* Problem
Among the entries, which lines carry the string "assumes"? Copy every one.

##### Data under study #####

lemma sigma_fun_mult:
  assumes "x \<in> carrier G" and "y \<in> carrier G"
  shows "sigma_fun \<phi> n Pw (x \<otimes> y) k = sigma_fun \<phi> n Pw y (sigma_fun \<phi> n Pw x k)"
proof -
  have "[orbit_sum \<phi> Pw x k = orbit_sum \<phi> Pw x k mod n] (mod n)"
    by (simp add: cong_def)
  then have "[orbit_sum \<phi> Pw y (orbit_sum \<phi> Pw x k)
      = orbit_sum \<phi> Pw y (orbit_sum \<phi> Pw x k mod n)] (mod n)"
    by (rule orbit_sum_cong_mod[OF assms(2)])
  with orbit_sum_mult_cong[OF assms] show ?thesis
    by (simp add: sigma_fun_eq_orbit_sum_mod cong_def)
qed

lemma sigma_fun_eq_iff:
  "(\<forall>x\<in>carrier G. sigma_fun \<phi> n Pw x k1 = sigma_fun \<phi> n Pw x k2) \<longleftrightarrow> [k1 = k2] (mod n)"
proof
  assume "\<forall>x\<in>carrier G. sigma_fun \<phi> n Pw x k1 = sigma_fun \<phi> n Pw x k2"
  then have "sigma_fun \<phi> n Pw \<one> k1 = sigma_fun \<phi> n Pw \<one> k2"
    by simp
  then have "[orbit_sum \<phi> Pw \<one> k1 = orbit_sum \<phi> Pw \<one> k2] (mod n)"
    by (simp add: sigma_fun_eq_orbit_sum_mod cong_def)
  then show "[k1 = k2] (mod n)"
    using orbit_sum_one_cong by (meson cong_sym cong_trans)
next
  assume "[k1 = k2] (mod n)"
  from orbit_sum_cong_mod[OF _ this]
  show "\<forall>x\<in>carrier G. sigma_fun \<phi> n Pw x k1 = sigma_fun \<phi> n Pw x k2"
    by (simp add: sigma_fun_eq_orbit_sum_mod cong_def)
qed

lemma sigma_fun_eq_0_iff: "(\<forall>x\<in>carrier G. sigma_fun \<phi> n Pw x k = 0) \<longleftrightarrow> n dvd k"
  using sigma_fun_eq_iff[of k 0] by (simp add: sigma_fun_eq_orbit_sum_mod cong_0_iff)

lemma sigma_fun_perm_order_mult_add:
  assumes "x \<in> carrier G"
  shows "sigma_fun \<phi> n Pw x (q * m + r) = (q * sigma_fun \<phi> n Pw x m + sigma_fun \<phi> n Pw x r) mod n"
proof -
  have "[q * orbit_sum \<phi> Pw x m + orbit_sum \<phi> Pw x r
      = q * (orbit_sum \<phi> Pw x m mod n) + orbit_sum \<phi> Pw x r mod n] (mod n)"
    by (intro cong_add cong_scalar_left) (simp_all add: cong_def)
  then show ?thesis
    using orbit_sum_periodic[OF funpow_perm_order[OF finite_carrier bij_betw_carrier assms]]
    by (simp add: sigma_fun_eq_orbit_sum_mod cong_def)
qed

end
lemma min_choice_prob: "0 < min_choice_prob" "min_choice_prob \<le> 1"
  and min_choice_prob_le: "S \<in> setsK K \<Longrightarrow> i \<in> S \<Longrightarrow> min_choice_prob \<le> f i S"
proof -
  have "finite (setsK K)"
    unfolding setsK_def by (rule finite_subset[of _ "Pow {1..K}"]) auto
  then have fin: "finite (SIGMA S:setsK K. S)"
    by (rule finite_SigmaI) (auto simp: setsK_def intro: finite_subset)
  show le: "min_choice_prob \<le> f i S" if "S \<in> setsK K" "i \<in> S" for S i
    unfolding min_choice_prob_def using fin that by (intro Min_le) force+
  have all: "{1..K} \<in> setsK K" using K by (simp add: setsK_def)
  then have "({1..K}, 1) \<in> (SIGMA S:setsK K. S)" using K by auto
  then have "(SIGMA S:setsK K. S) \<noteq> {}" by blast
  then show "0 < min_choice_prob" unfolding min_choice_prob_def using fin
    by (subst Min_gr_iff) (auto intro: choice_prob_pos)
  have "f 1 {1..K} \<le> (\<Sum>i\<in>{1..K}. f i {1..K})"
    using choice_prob_pos[OF all] K by (intro member_le_sum) (auto intro: less_imp_le)
  then show "min_choice_prob \<le> 1" using le[OF all, of 1] choice_prob_sum[OF all] K by simp
qed

definition gap_steps :: nat where
  "gap_steps = nat \<lceil>M\<rceil>"

lemma gap_steps: "M \<le> real gap_steps" "1 \<le> gap_steps"
  using M_pos by (simp_all add: gap_steps_def real_nat_ceiling_ge) linarith

definition blocks_grew :: "nat \<Rightarrow> np_state \<Rightarrow> ennreal" where
  "blocks_grew N s = (if N < num_blocks s then 1 else 0)"

lemma expect_after_blocks_grew:
  assumes "np_inv s" "N < num_blocks s"
  shows "expect_after n (blocks_grew N) s = 1"
proof -
  have "expect_after n (blocks_grew N) s = expect_after n (\<lambda>_. 1) s"
    unfolding expect_after_def using num_blocks_run_from_mono[OF assms(1)] assms(2)
    by (intro nn_integral_cong) (auto simp: blocks_grew_def intro: less_le_trans)
  then show ?thesis by (simp add: expect_after_const)
qed
lemma closed_heavy_nbhd_clique:
  assumes no_good: "\<And>S. \<not> good_triangle H p h S"
    and "x \<in> h" "3 \<le> card (closed_heavy_nbhd H h x)"
    and "y \<in> closed_heavy_nbhd H h x" "z \<in> closed_heavy_nbhd H h x" "y \<noteq> z"
  shows "heavy p H {y, z}"
proof -
  let ?N = "closed_heavy_nbhd H h x"
  have path: "heavy p H {u, w}" if "u \<in> ?N" "w \<in> ?N" "u \<noteq> x" "w \<noteq> x" "u \<noteq> w" for u w
    using heavy_path_closes_triangle[OF no_good, of u x w] that assms(2)
    unfolding closed_heavy_nbhd_def by (auto simp: insert_commute)
  have spoke: "heavy p H {x, w}" if "w \<in> ?N" "w \<noteq> x" for w
  proof -
    have "card {x, w} \<le> 2" by (cases "x = w") auto
    then have "card {x, w} < card ?N" using assms(3) by linarith
    then obtain u where "u \<in> ?N" "u \<noteq> x" "u \<noteq> w"
      by (metis card_mono finite.emptyI finite.insertI insertCI leD subsetI)
    then show ?thesis
      using heavy_path_closes_triangle[OF no_good, of u x w] that assms(2)
      unfolding closed_heavy_nbhd_def by (auto simp: insert_commute)
  qed
  consider "y = x" | "z = x" | "y \<noteq> x" "z \<noteq> x" by blast
  then show ?thesis
  proof cases
    case 1
    then show ?thesis using spoke[of z] assms(5,6) by simp
  next
    case 2
    then show ?thesis using spoke[of y] assms(4,6) by (simp add: insert_commute)
  qed (use path assms(4-6) in blast)
qed

lemma light_pair_leaving_closed_heavy_nbhd:
  assumes no_good: "\<And>S. \<not> good_triangle H p h S" and "2 \<le> p" "x \<in> h"
    and "a \<in> closed_heavy_nbhd H h x" "b \<in> h" "b \<notin> closed_heavy_nbhd H h x"
  shows "{a, b} \<in> light_pairs H h"
proof -
  have "a \<in> h" "a \<noteq> b" "b \<noteq> x" using assms(3-6) unfolding closed_heavy_nbhd_def by auto
  moreover have "\<not> heavy 2 H {a, b}"
  proof
    assume ab: "heavy 2 H {a, b}"
    then have "a \<noteq> x" using assms(5,6) unfolding closed_heavy_nbhd_def by auto
    then have "heavy 2 H {x, a}" using assms(4) unfolding closed_heavy_nbhd_def by auto
    then have "heavy p H {x, b}"
      using heavy_path_closes_triangle[OF no_good, of x a b] ab assms(3,5) \<open>a \<in> h\<close>
        \<open>a \<noteq> x\<close> \<open>a \<noteq> b\<close> \<open>b \<noteq> x\<close> by auto
    then have "heavy 2 H {x, b}" using assms(2) heavy_mono by blast
    then show False using assms(5,6) unfolding closed_heavy_nbhd_def by auto
  qed
  ultimately show ?thesis
    using assms(5) unfolding light_pairs_def by (auto intro: doubleton_in_pairs_in)
qed

lemma card_closed_heavy_nbhd_less_card:
  assumes no_good: "\<And>S. \<not> good_triangle H p h S"
    and "h \<in> H" "h \<notin> H2 H p" "finite h" "3 \<le> card h" "x \<in> h"
  shows "card (closed_heavy_nbhd H h x) < card h"
proof (rule ccontr)
  let ?N = "closed_heavy_nbhd H h x"
  assume "\<not> card ?N < card h"
  moreover have "?N \<subseteq> h" unfolding closed_heavy_nbhd_def by blast
  ultimately have N: "?N = h" using assms(4) card_subset_eq card_mono by (metis le_antisym not_less)
  have "\<forall>e\<in>pairs_in h. heavy p H e"
  proof
    fix e assume "e \<in> pairs_in h"
    then obtain y z where "e = {y, z}" "y \<noteq> z" "y \<in> h" "z \<in> h" by (rule pairs_inE)
    then show "heavy p H e" using closed_heavy_nbhd_clique[OF no_good assms(6)] N assms(5) by simp
  qed
  then show False using assms(2,3) unfolding H2_def by blast
qed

#####

* Finished task
  assumes "x \<in> carrier G" and "y \<in> carrier G"
  assumes "x \<in> carrier G"
  assumes "np_inv s" "N < num_blocks s"
  assumes no_good: "\<And>S. \<not> good_triangle H p h S"
  assumes no_good: "\<And>S. \<not> good_triangle H p h S" and "2 \<le> p" "x \<in> h"
  assumes no_good: "\<And>S. \<not> good_triangle H p h S"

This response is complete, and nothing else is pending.